Access to Tangibles: The behaviour gets the person access to something, an item or an activity. An example of this would  be a child whining and pleading when told to get off of the iPad, and a caregiver giving them more time with the iPad. If the effect is that the child gets more time with the iPad, they are more likely to  whine and plead again when told to get off the iPad.

Sensory Stimulation: The behaviour grants the person access to something that is automatically rewarding.  Examples include itching an itch, eating food, and movements (tapping your foot, spinning in circles, clicking a pen, twirling hair, etc.) . If the effect is that the behaviour itself is rewarding, the person is more likely to do it again.

Once we have some understanding of what function the child’s behaviour is serving, we have a better idea of how to shape the child’s environment to positively impact their behaviour. 

Why is the Function of a Behaviour Important?

The field of ABA has years of research that indicate just how important it is to identify the function of a behaviour before planning and implementing an intervention, but why is it so important?

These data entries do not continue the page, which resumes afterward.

(* Let $(D,S,t_{\max})$ and $(D',S',t'_{\max})$ both satisfy the standing assumptions below with the same (known) initial moment $t_{\min}$, and let $w^\infty$, $w'^\infty$ be their far-field patterns. Fix $\hat x\in\mathbb S^2$ and $0\le k_{\min}<k_{\max}$. If $w^\infty(\hat x,k)=w'^\infty(\hat x,k)$ and $w^\infty(-\hat x,k)=w'^\infty(-\hat x,k)$ for all $k\in(k_{\min},k_{\max})$, then $K_D^{(\hat x)}=K_{D'}^{(\hat x)}$ and $t_{\max}=t'_{\max}$.
   Context: Standing assumptions on a triple $(D,S,t_{\max})$: $D\subset\mathbb R^3$ is a bounded Lipschitz domain (open, connected) with $\mathbb R^3\setminus\overline D$ connected; $0\le t_{\min}<t_{\max}$; $S\in C([t_{\min},t_{\max}];L^\infty(D))$ is real-valued with $S\ge c_0>0$ a.e. on $D\times[t_{\min},t_{\max}]$ for some $c_0>0$. The far-field pattern is $w^\infty(\hat x,k)=\frac{1}{\sqrt{2\pi}}\int_{t_{\min}}^{t_{\max}}\int_D e^{{\rm i}k(t-\hat x\cdot y)}S(y,t)\,dy\,dt$ for $\hat x\in\mathbb S^2$, $k\in\mathbb R$. With $\hat x\cdot D=\{\hat x\cdot y:y\in D\}$, $K_D^{(\hat x)}=\{y\in\mathbb R^3:\inf(\hat x\cdot D)<\hat x\cdot y<\sup(\hat x\cdot D)\}$. *)

theory Defs
  imports "HOL-Analysis.Analysis"
begin

definition lipschitz_domain :: "(real^3) set \<Rightarrow> bool" where
  "lipschitz_domain D \<longleftrightarrow> open D \<and> connected D \<and> bounded D \<and> D \<noteq> {} \<and>
     (\<forall>p \<in> frontier D. \<exists>r>0. \<exists>Q g L.
        orthogonal_transformation (Q :: real^3 \<Rightarrow> real^3) \<and> lipschitz_on L UNIV (g :: real^2 \<Rightarrow> real) \<and>
        (\<forall>x \<in> ball p r. x \<in> D \<longleftrightarrow>
            (Q (x - p)) $ 3 > g (vector [(Q (x - p)) $ 1, (Q (x - p)) $ 2])))"

text \<open>S in C([tmin,tmax]; L^infty(D)), represented by a jointly measurable function
S y t, real valued, with S >= c0 > 0 a.e. on D x [tmin,tmax].\<close>
definition standing_assumptions ::
  "(real^3) set \<Rightarrow> (real^3 \<Rightarrow> real \<Rightarrow> real) \<Rightarrow> real \<Rightarrow> real \<Rightarrow> bool" where
  "standing_assumptions D S tmin tmax \<longleftrightarrow>
     lipschitz_domain D \<and> connected (- closure D) \<and>
     0 \<le> tmin \<and> tmin < tmax \<and>
     (\<lambda>z. S (fst z) (snd z)) \<in> borel_measurable (lebesgue_on (D \<times> {tmin..tmax})) \<and>
     (\<forall>t \<in> {tmin..tmax}. (\<lambda>y. S y t) \<in> borel_measurable (lebesgue_on D) \<and>
        (\<exists>B. AE y in lebesgue_on D. \<bar>S y t\<bar> \<le> B)) \<and>
     (\<forall>t \<in> {tmin..tmax}. \<forall>e>0. \<exists>\<delta>>0. \<forall>s \<in> {tmin..tmax}. \<bar>s - t\<bar> < \<delta> \<longrightarrow>
        (AE y in lebesgue_on D. \<bar>S y s - S y t\<bar> \<le> e)) \<and>
     (\<exists>c0>0. AE z in lebesgue_on (D \<times> {tmin..tmax}). S (fst z) (snd z) \<ge> c0)"

definition far_field ::
  "(real^3) set \<Rightarrow> (real^3 \<Rightarrow> real \<Rightarrow> real) \<Rightarrow> real \<Rightarrow> real \<Rightarrow> real^3 \<Rightarrow> real \<Rightarrow> complex" where
  "far_field D S tmin tmax xh k =
     complex_of_real (1 / sqrt (2 * pi)) *
     (LINT z : D \<times> {tmin..tmax} | lebesgue.
        exp (\<i> * complex_of_real (k * (snd z - xh \<bullet> fst z))) * complex_of_real (S (fst z) (snd z)))"

definition K_strip :: "(real^3) set \<Rightarrow> real^3 \<Rightarrow> (real^3) set" where
  "K_strip D xh = {y. Inf ((\<lambda>y. xh \<bullet> y) ` D) < xh \<bullet> y \<and> xh \<bullet> y < Sup ((\<lambda>y. xh \<bullet> y) ` D)}"

end

theory Submission
  imports Defs "HOL-Complex_Analysis.Complex_Analysis"
begin
(* Let $R$ be an environment with a single door pixel $s$, and let $A=|R|$. Run the Depth-First Leader-Follower (DFLF) strategy defined in the context until all of $R$ is filled. Then each robot makes at most $A$ moves. Consequently, the total number of moves made by all robots is at most $A^2$.
   Context: Pixels are the unit squares of the integer grid, identified with their lower-left corners $(i,j)\in\mathbb{Z}^2$. Two pixels are neighbors if they share an edge, so $(i,j)$ has the four neighbors $(i\pm1,j)$ and $(i,j\pm1)$. The environment $R$ is a finite set of pixels that is connected under this neighbor relation. It contains a single distinguished door pixel $s\in R$. Time is discrete, $t=0,1,2,\dots$. At each time, every pixel of $R$ holds at most one robot. $p(r,t)$ denotes the pixel occupied by robot $r$ at time $t$, and $\mathrm{prev}(r,t)=p(r,t-1)$. In one time step a robot either stays where it is or moves to a neighboring pixel of $R$ that is unoccupied. Vacating rule: if a robot occupies pixel $q$ at time $t$ and a different pixel at time $t+1$, then no robot occupies $q$ at time $t+1$; so the earliest a vacated pixel can be re-entered is time $t+2$. At time $0$ exactly one robot is present, on $s$. Door rule: whenever the robot on $s$ leaves, a new robot appears on $s$ as soon as the vacating rule allows. A pixel of $R$ is a frontier pixel at time $t$ if no robot has occupied it at any time $\le t$. The DFLF strategy works as follows. - Each robot is either moving or stopped. A moving robot is either the leader or a follower. - The first robot is the leader. Each newly appearing robot becomes the successor of the robot that most recently left the door, and that robot becomes its predecessor $\mathrm{pred}(r)$. These relations never change. - At each step, the leader behaves as follows. If the leader has a neighboring frontier pixel, it moves to one of them (chosen arbitrarily). Otherwise it becomes stopped permanently and leadership passes to its successor. If the leader has no frontier neighbor and is on the door $s$, the algorithm halts. - A follower $r$ moves at time $t$ to the pixel $\mathrm{prev}(\mathrm{pred}(r),t)$ previously occupied by its predecessor. - A stopped robot never moves again. Makespan: the first time $t^*$ at which every pixel of $R$ is occupied. *)

theory Defs
  imports Main
begin

text \<open>Pixels are identified with their lower-left corners in Z^2.\<close>
type_synonym pixel = "int \<times> int"

definition adj :: "pixel \<Rightarrow> pixel \<Rightarrow> bool" where
  "adj p q \<longleftrightarrow> \<bar>fst p - fst q\<bar> + \<bar>snd p - snd q\<bar> = 1"

definition environment :: "pixel set \<Rightarrow> pixel \<Rightarrow> bool" where
  "environment R s \<longleftrightarrow> finite R \<and> s \<in> R \<and>
     (\<forall>p\<in>R. \<forall>q\<in>R. (\<lambda>a b. a \<in> R \<and> b \<in> R \<and> adj a b)\<^sup>*\<^sup>* p q)"

text \<open>Robots are indexed 0,1,2,...
  in order of appearance at the door; hence pred(r) = r - 1.
  pos: positions at time t; prv: positions at time t-1;
  cnt: number of robots that have appeared; ldr: index of the current leader
  (robots below ldr are stopped, robots above it are followers);
  vis: pixels occupied at some time \<le> t; halted: the algorithm halted.\<close>
record cfg =
  pos :: "nat \<Rightarrow> pixel option"
  prv :: "nat \<Rightarrow> pixel option"
  cnt :: nat
  ldr :: nat
  vis :: "pixel set"
  halted :: bool

definition dflf_init :: "pixel \<Rightarrow> cfg" where
  "dflf_init s = \<lparr>pos = (\<lambda>r. if r = 0 then Some s else None), prv = (\<lambda>_. None),
     cnt = 1, ldr = 0, vis = {s}, halted = False\<rparr>"

definition frontier_nbrs :: "pixel set \<Rightarrow> cfg \<Rightarrow> pixel \<Rightarrow> pixel set" where
  "frontier_nbrs R c q = {q' \<in> R. adj q q' \<and> q' \<notin> vis c}"

text \<open>One time step in which the leader moves to tgt (Some q') or stops (None).
  Followers r move to the pixel their predecessor occupied at the previous time;
  stopped robots stay; a new robot appears on the door one step after the door was vacated.\<close>
definition dflf_move :: "pixel \<Rightarrow> cfg \<Rightarrow> pixel option \<Rightarrow> cfg" where
  "dflf_move s c tgt =
    (let L = ldr c;
         P' = (\<lambda>r. if r = L then (case tgt of Some q \<Rightarrow> Some q | None \<Rightarrow> pos c r)
                   else if L < r \<and> r < cnt c then prv c (r - 1)
                   else pos c r);
         newr = (0 < cnt c \<and> prv c (cnt c - 1) = Some s \<and> pos c (cnt c - 1) \<noteq> Some s);
         P'' = (if newr then P'(cnt c := Some s) else P')
     in \<lparr>pos = P'', prv = pos c, cnt = (if newr then Suc (cnt c) else cnt c),
         ldr = (if tgt = None then Suc L else L),
         vis = vis c \<union> {q. \<exists>r. P'' r = Some q}, halted = False\<rparr>)"

definition dflf_step :: "pixel set \<Rightarrow> pixel \<Rightarrow> cfg \<Rightarrow> cfg \<Rightarrow> bool" where
  "dflf_step R s c c' \<longleftrightarrow>
    (if halted c then c' = c\<lparr>prv := pos c\<rparr>
     else (let F = (case pos c (ldr c) of Some q \<Rightarrow> frontier_nbrs R c q | None \<Rightarrow> {}) in
       if F \<noteq> {} then (\<exists>q'\<in>F. c' = dflf_move s c (Some q'))
       else if pos c (ldr c) = Some s then c' = c\<lparr>prv := pos c, halted := True\<rparr>
       else c' = dflf_move s c None))"

definition dflf_run :: "pixel set \<Rightarrow> pixel \<Rightarrow> (nat \<Rightarrow> cfg) \<Rightarrow> bool" where
  "dflf_run R s c \<longleftrightarrow> c 0 = dflf_init s \<and> (\<forall>t. dflf_step R s (c t) (c (Suc t)))"

definition filled :: "pixel set \<Rightarrow> cfg \<Rightarrow> bool" where
  "filled R c \<longleftrightarrow> (\<forall>q\<in>R. \<exists>r. pos c r = Some q)"

definition moves :: "(nat \<Rightarrow> cfg) \<Rightarrow> nat \<Rightarrow> nat \<Rightarrow> nat" where
  "moves c r T = card {t. t < T \<and> pos (c t) r \<noteq> None \<and> pos (c (Suc t)) r \<noteq> None
                            \<and> pos (c t) r \<noteq> pos (c (Suc t)) r}"

end

theory Submission imports Defs begin

(* A new robot appears on the door only after its predecessor has left it, a follower occupies
   the pixel its predecessor occupied two steps earlier, and a leader only enters pixels nobody
   has visited.  By induction over time this yields the invariant visits_in_order: if robots
   i < j ever occupy the same pixel, every visit of i precedes every visit of j.  Consequently no
   two robots share a pixel, so there are at most |R| robots, and no robot returns to a pixel it
   has left (a follower would otherwise be on that pixel before its predecessor).  Each robot thus
   makes at most |R| moves, and all of them together at most |R|^2. *)

lemma nat_strong_induct_Suc [case_names 0 Suc]:
  assumes "P 0" and "\<And>t. (\<And>u. u \<le> t \<Longrightarrow> P u) \<Longrightarrow> P (Suc t)"
  shows "P n"
proof (induction n rule: less_induct)
  case (less n)
  then show ?case using assms by (cases n) (auto simp: less_Suc_eq_le)
qed

lemma dflf_move_simps:
  fixes s :: pixel and c :: cfg
  defines "arrival \<equiv> 0 < cnt c \<and> prv c (cnt c - 1) = Some s \<and> pos c (cnt c - 1) \<noteq> Some s"
  shows "pos (dflf_move s c tgt) r =
      (if arrival \<and> r = cnt c then Some s
       else if r = ldr c then (case tgt of Some q \<Rightarrow> Some q | None \<Rightarrow> pos c r)
       else if ldr c < r \<and> r < cnt c then prv c (r - 1) else pos c r)"
    and "cnt (dflf_move s c tgt) = (if arrival then Suc (cnt c) else cnt c)"
    and "ldr (dflf_move s c tgt) = (if tgt = None then Suc (ldr c) else ldr c)"
    and "vis (dflf_move s c tgt) = vis c \<union> {q. \<exists>r. pos (dflf_move s c tgt) r = Some q}"
  unfolding arrival_def by (auto simp: dflf_move_def Let_def split: option.split)

definition visits_in_order :: "(nat \<Rightarrow> cfg) \<Rightarrow> nat \<Rightarrow> bool" where
  "visits_in_order c t \<longleftrightarrow> (\<forall>i j t1 t2 q. i < j \<longrightarrow> t1 \<le> t \<longrightarrow> t2 \<le> t \<longrightarrow>
     pos (c t1) i = Some q \<longrightarrow> pos (c t2) j = Some q \<longrightarrow> t1 < t2)"

lemma visits_in_orderD:
  "visits_in_order c t \<Longrightarrow> i < j \<Longrightarrow> t1 \<le> t \<Longrightarrow> t2 \<le> t \<Longrightarrow>
     pos (c t1) i = Some q \<Longrightarrow> pos (c t2) j = Some q \<Longrightarrow> t1 < t2"
  unfolding visits_in_order_def by blast

locale dflf_execution =
  fixes R :: "pixel set" and s :: pixel and c :: "nat \<Rightarrow> cfg"
  assumes run: "dflf_run R s c"
begin

lemma init:
  "pos (c 0) = (\<lambda>r. if r = 0 then Some s else None)" "prv (c 0) = (\<lambda>_. None)"
  "cnt (c 0) = 1" "ldr (c 0) = 0"
  "vis (c 0) = {s}" "\<not> halted (c 0)"
  using run by (simp_all add: dflf_run_def dflf_init_def)

lemma follower_time_pos: "ldr (c t) < r \<Longrightarrow> r < cnt (c t) \<Longrightarrow> 0 < t"
  by (cases t) (auto simp: init)

lemma step: "dflf_step R s (c t) (c (Suc t))"
  using run by (simp add: dflf_run_def)

lemma prv_Suc: "prv (c (Suc t)) = pos (c t)"
  using step[of t] unfolding dflf_step_def
  by (auto simp: Let_def dflf_move_def split: if_splits option.splits)

lemma halted_Suc:
  assumes "halted (c (Suc t))"
  shows "pos (c (Suc t)) = pos (c t)" "cnt (c (Suc t)) = cnt (c t)" "vis (c (Suc t)) = vis (c t)"
proof -
  have "c (Suc t) = (c t)\<lparr>prv := pos (c t), halted := True\<rparr>"
    using step[of t] assms unfolding dflf_step_def
    by (auto simp: Let_def dflf_move_def split: if_splits option.splits)
  then show "pos (c (Suc t)) = pos (c t)" "cnt (c (Suc t)) = cnt (c t)" "vis (c (Suc t)) = vis (c t)"
    by simp_all
qed

lemma not_halted_Suc_dflf_move:
  assumes "\<not> halted (c (Suc t))"
  obtains tgt where "c (Suc t) = dflf_move s (c t) tgt"
    "\<And>q. tgt = Some q \<Longrightarrow> q \<in> R \<and> q \<notin> vis (c t)"
    "tgt \<noteq> None \<Longrightarrow> pos (c t) (ldr (c t)) \<noteq> None"
  using assms step[of t] unfolding dflf_step_def
  by (cases "halted (c t)") (auto simp: Let_def frontier_nbrs_def split: if_splits option.splits)

lemma not_halted_SucD: "\<not> halted (c (Suc t)) \<Longrightarrow> \<not> halted (c t)"
  using step[of t] unfolding dflf_step_def by auto

lemma not_halted_mono: "u \<le> t \<Longrightarrow> \<not> halted (c t) \<Longrightarrow> \<not> halted (c u)"
proof (induction t rule: dec_induct)
  case (step t)
  then show ?case using not_halted_SucD by blast
qed

lemma cnt_Suc: "cnt (c t) \<le> cnt (c (Suc t)) \<and> cnt (c (Suc t)) \<le> Suc (cnt (c t))"
  using step[of t] unfolding dflf_step_def
  by (auto simp: Let_def dflf_move_def split: if_splits option.splits)

lemma mono_cnt_ldr_vis:
  assumes "u \<le> t"
  shows "cnt (c u) \<le> cnt (c t)" "ldr (c u) \<le> ldr (c t)" "vis (c u) \<subseteq> vis (c t)"
proof -
  have "cnt (c t) \<le> cnt (c (Suc t)) \<and> ldr (c t) \<le> ldr (c (Suc t)) \<and>
      vis (c t) \<subseteq> vis (c (Suc t))" for t
    using step[of t] unfolding dflf_step_def
    by (auto simp: Let_def dflf_move_def split: if_splits option.splits)
  then show "cnt (c u) \<le> cnt (c t)" "ldr (c u) \<le> ldr (c t)" "vis (c u) \<subseteq> vis (c t)"
    using lift_Suc_mono_le[of "\<lambda>t. cnt (c t)", OF _ assms]
      lift_Suc_mono_le[of "\<lambda>t. ldr (c t)", OF _ assms]
      lift_Suc_mono_le[of "\<lambda>t. vis (c t)", OF _ assms] by blast+
qed
definition has_perfect_matching :: "nat set set \<Rightarrow> nat set \<Rightarrow> bool" where
  "has_perfect_matching E S \<longleftrightarrow>
     (\<exists>p. \<forall>w\<in>S. p w \<in> S \<and> p w \<noteq> w \<and> p (p w) = w \<and> {w, p w} \<in> E)"

lemma has_perfect_matching_empty: "has_perfect_matching E {}"
  unfolding has_perfect_matching_def by simp

lemma has_perfect_matching_edge: "u \<noteq> v \<Longrightarrow> {u, v} \<in> E \<Longrightarrow> has_perfect_matching E {u, v}"
  unfolding has_perfect_matching_def
  by (rule exI[of _ "\<lambda>w. if w = u then v else u"]) (auto simp: insert_commute)

lemma has_perfect_matching_Un:
  assumes "has_perfect_matching E S" "has_perfect_matching E T" "S \<inter> T = {}"
  shows "has_perfect_matching E (S \<union> T)"
proof -
  obtain p where "\<forall>w\<in>S. p w \<in> S \<and> p w \<noteq> w \<and> p (p w) = w \<and> {w, p w} \<in> E"
    using assms(1) unfolding has_perfect_matching_def by blast
  moreover obtain q where "\<forall>w\<in>T. q w \<in> T \<and> q w \<noteq> w \<and> q (q w) = w \<and> {w, q w} \<in> E"
    using assms(2) unfolding has_perfect_matching_def by blast
  ultimately show ?thesis using assms(3) unfolding has_perfect_matching_def
    by (intro exI[of _ "\<lambda>w. if w \<in> S then p w else q w"]) auto
qed

lemma has_perfect_matching_mono:
  assumes "has_perfect_matching E S" "\<And>u v. u \<in> S \<Longrightarrow> v \<in> S \<Longrightarrow> {u, v} \<in> E \<Longrightarrow> {u, v} \<in> E'"
  shows "has_perfect_matching E' S"
  using assms unfolding has_perfect_matching_def by metis

lemma has_perfect_matching_path:
  assumes "inj_on s {lo..<lo + 2 * t}" "\<And>i. lo \<le> i \<Longrightarrow> Suc i < lo + 2 * t \<Longrightarrow> {s i, s (Suc i)} \<in> E"
  shows "has_perfect_matching E (s ` {lo..<lo + 2 * t})"
  using assms
proof (induction t arbitrary: lo)
  case 0
  then show ?case by (simp add: has_perfect_matching_empty)
next
  case (Suc t)
  let ?rest = "{Suc (Suc lo)..<Suc (Suc lo) + 2 * t}"
  have "inj_on s ?rest" using Suc.prems(1) by (rule inj_on_subset) auto
  then have rest: "has_perfect_matching E (s ` ?rest)"
    by (rule Suc.IH) (use Suc.prems(2) in auto)
  have "s lo \<noteq> s (Suc lo)" using Suc.prems(1) by (auto dest: inj_onD)
  then have first: "has_perfect_matching E {s lo, s (Suc lo)}"
    by (rule has_perfect_matching_edge) (use Suc.prems(2)[of lo] in auto)
  have "{s lo, s (Suc lo)} \<inter> s ` ?rest = {}"
    using Suc.prems(1) unfolding inj_on_def by fastforce
  moreover have "s ` {lo..<lo + 2 * Suc t} = {s lo, s (Suc lo)} \<union> s ` ?rest"
    by (auto simp: image_iff) (metis Suc_le_eq atLeastLessThan_iff le_antisym not_less_eq_eq)
  ultimately show ?case using has_perfect_matching_Un[OF first rest] by simp
qed

lemma graphical_minus_one_if_perfect_matching:
  assumes R: "realizes n d E" and M: "has_perfect_matching E {..<n}"
  shows "graphical n (\<lambda>i. d i - 1)"
proof -
  obtain p where p: "\<forall>w\<in>{..<n}. p w \<in> {..<n} \<and> p w \<noteq> w \<and> p (p w) = w \<and> {w, p w} \<in> E"
    using M unfolding has_perfect_matching_def by blast
  have G: "simple_graph n E" and fin: "finite E"
    using R simple_graph_finite unfolding realizes_def by auto
  define P where "P = (\<lambda>w. {w, p w}) ` {..<n}"
  have P_at: "e = {v, p v}" if "e \<in> P" "v \<in> e" "v < n" for e v
  proof -
    obtain w where w: "w < n" "e = {w, p w}" using \<open>e \<in> P\<close> unfolding P_def by auto
    then consider "v = w" | "v = p w" using \<open>v \<in> e\<close> by auto
    then show ?thesis
    proof cases
      case 2
      then have "p v = w" using p w(1) by auto
      then show ?thesis using w 2 by auto
    qed (use w in auto)
  qed
  have "int (deg (E - P) v) = d v - 1" if v: "v < n" for v
  proof -
    have edge: "{v, p v} \<in> {e \<in> E. v \<in> e}" "{v, p v} \<in> P" using p v unfolding P_def by auto
    have "{e \<in> E - P. v \<in> e} = {e \<in> E. v \<in> e} - {{v, p v}}"
      using P_at v edge(2) by blast
    then have "deg (E - P) v = deg E v - 1"
      unfolding deg_def using fin edge(1) by (simp add: card_Diff_singleton)
    moreover have "0 < deg E v" using deg_pos[OF fin] edge(1) by blast
    moreover have "int (deg E v) = d v" using R v unfolding realizes_def by auto
    ultimately show ?thesis by simp
  qed
  then have "realizes n (\<lambda>i. d i - 1) (E - P)"
    using simple_graph_subset[OF G] unfolding realizes_def by blast
  then show ?thesis unfolding graphical_def by blast
qed

lemma bdd_below_frac_cover_sums: "bdd_below {(\<Sum>v<n. f v) | f. frac_cover n E f}"
  unfolding bdd_below_def frac_cover_def by (rule exI[of _ 0]) (auto intro: sum_nonneg)

lemma tau_star_le: "frac_cover n E f \<Longrightarrow> tau_star n E \<le> (\<Sum>v<n. f v)"
  unfolding tau_star_def by (rule cInf_lower[OF _ bdd_below_frac_cover_sums]) blast

lemma tau_star_ge_half_if_perfect_matching:
  assumes "has_perfect_matching E {..<n}"
  shows "real n / 2 \<le> tau_star n E"
proof -
  obtain p where p: "\<forall>w\<in>{..<n}. p w \<in> {..<n} \<and> p w \<noteq> w \<and> p (p w) = w \<and> {w, p w} \<in> E"
    using assms unfolding has_perfect_matching_def by blast
  have bij: "bij_betw p {..<n} {..<n}"
    by (rule bij_betwI[of _ _ _ p]) (use p in auto)
  have "frac_cover n E (\<lambda>_. 1)" unfolding frac_cover_def by auto
  then have nonempty: "{(\<Sum>v<n. f v) | f. frac_cover n E f} \<noteq> {}" by blast
  have "real n / 2 \<le> (\<Sum>v<n. f v)" if f: "frac_cover n E f" for f
  proof -
    have "real n \<le> (\<Sum>v<n. f v + f (p v))"
      using sum_mono[of "{..<n}" "\<lambda>_. 1::real" "\<lambda>v. f v + f (p v)"] f p
      unfolding frac_cover_def by auto
    also have "\<dots> = 2 * (\<Sum>v<n. f v)"
      using sum.reindex_bij_betw[OF bij, of f] by (simp add: sum.distrib)
    finally show ?thesis by simp
  qed
  then show ?thesis unfolding tau_star_def by (intro cInf_greatest[OF nonempty]) blast
qed

lemma mu_pos_iff_tau_star:
  assumes "finite E"
  shows "0 < mu n E \<longleftrightarrow> real n / 2 \<le> tau_star n E"
proof
  assume "0 < mu n E"
  show "real n / 2 \<le> tau_star n E"
  proof (rule ccontr)
    assume "\<not> ?thesis"
    then have "enat (card {}) \<in> {enat (card E') | E'. E' \<subseteq> E \<and> tau_star n (E - E') < real n / 2}"
      by force
    then have "mu n E \<le> 0" unfolding mu_def zero_enat_def by (rule Inf_lower[THEN order_trans]) simp
    with \<open>0 < mu n E\<close> show False by simp
  qed
next
  assume tau: "real n / 2 \<le> tau_star n E"
  have "1 \<le> mu n E" unfolding mu_def
  proof (rule Inf_greatest)
    fix x assume "x \<in> {enat (card E') | E'. E' \<subseteq> E \<and> tau_star n (E - E') < real n / 2}"
    then obtain E' where E': "x = enat (card E')" "E' \<subseteq> E" "tau_star n (E - E') < real n / 2"
      by blast
    have "E' \<noteq> {}" using E' tau by auto
    moreover have "finite E'" using E'(2) assms by (rule finite_subset)
    ultimately show "1 \<le> x" using E'(1) by (simp add: one_enat_def Suc_leI card_gt_0_iff)
  qed
  then show "0 < mu n E" by (rule order_less_le_trans[OF zero_less_one])
qed
lemma subst_0 [simp]: "subst g 0 = 0"
  by (simp add: subst_def)

lemma subst_add: "subst g (f1 + f2) = subst g f1 + subst g f2"
proof -
  let ?A = "Poly_Mapping.keys f1 \<union> Poly_Mapping.keys f2"
  have "subst g (f1 + f2) = (\<Sum>m\<in>?A. const (Poly_Mapping.lookup (f1 + f2) m) * subst_monom g m)"
    by (rule subst_eq_sum_superset) (use keys_add[of f1 f2] in auto)
  also have "\<dots> = (\<Sum>m\<in>?A. const (Poly_Mapping.lookup f1 m) * subst_monom g m)
                + (\<Sum>m\<in>?A. const (Poly_Mapping.lookup f2 m) * subst_monom g m)"
    by (simp add: lookup_add const_add distrib_right sum.distrib)
  also have "\<dots> = subst g f1 + subst g f2"
    by (simp add: subst_eq_sum_superset[symmetric])
  finally show ?thesis .
qed

lemma subst_uminus: "subst g (- f) = - subst g f"
  by (simp add: subst_conv_subst_monom const_uminus sum_negf)

lemma subst_diff: "subst g (f1 - f2) = subst g f1 - subst g f2"
  using subst_add[of g f1 "- f2"] by (simp add: subst_uminus)

lemma subst_sum: "subst g (sum F A) = (\<Sum>x\<in>A. subst g (F x))"
  by (induction A rule: infinite_finite_induct) (auto simp: subst_add)

lemma subst_single: "subst g (Poly_Mapping.single m c) = const c * subst_monom g m"
  by (cases "c = 0") (auto simp: subst_conv_subst_monom)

When we have some understanding of what function the child’s behaviour is serving, we have a better idea of how to shape the child’s environment to positively impact their behaviour. In the field of ABA we help teach and shape behaviour through many means, including prevention, teaching appropriate replacement behaviours , and assisting in the creation of specific plans that describe how to respond to specific behaviours. In order to be effective and ethical, we can’t do that until we know why the behaviour is happening, what those in the field of ABA often call the “function of a behaviour”.

Putting it Together, Function and Intervention

As a general example if an ABA practitioner sees that a child climbing on the counter frequently results in their mother interacting with them (scolding, teasing, laughing, etc.), they would suspect an attention function for “climbing on the counter” behaviour. With that knowledge, we can then make sure that, instead of being talked to and interacted with for climbing on the counter, they are talked to and interacted with for desired behaviour instead. 

Let’s look at the same behaviour another way.

If the child climbing on the counter frequently results in them getting a favourite food item, instead of having their mother interact with them, then providing attention for desired behaviour may have no effect on reducing climbing. We would instead help teach the child ways to ask for the favourite food item and ensure that the child never gets the food after climbing on the counter.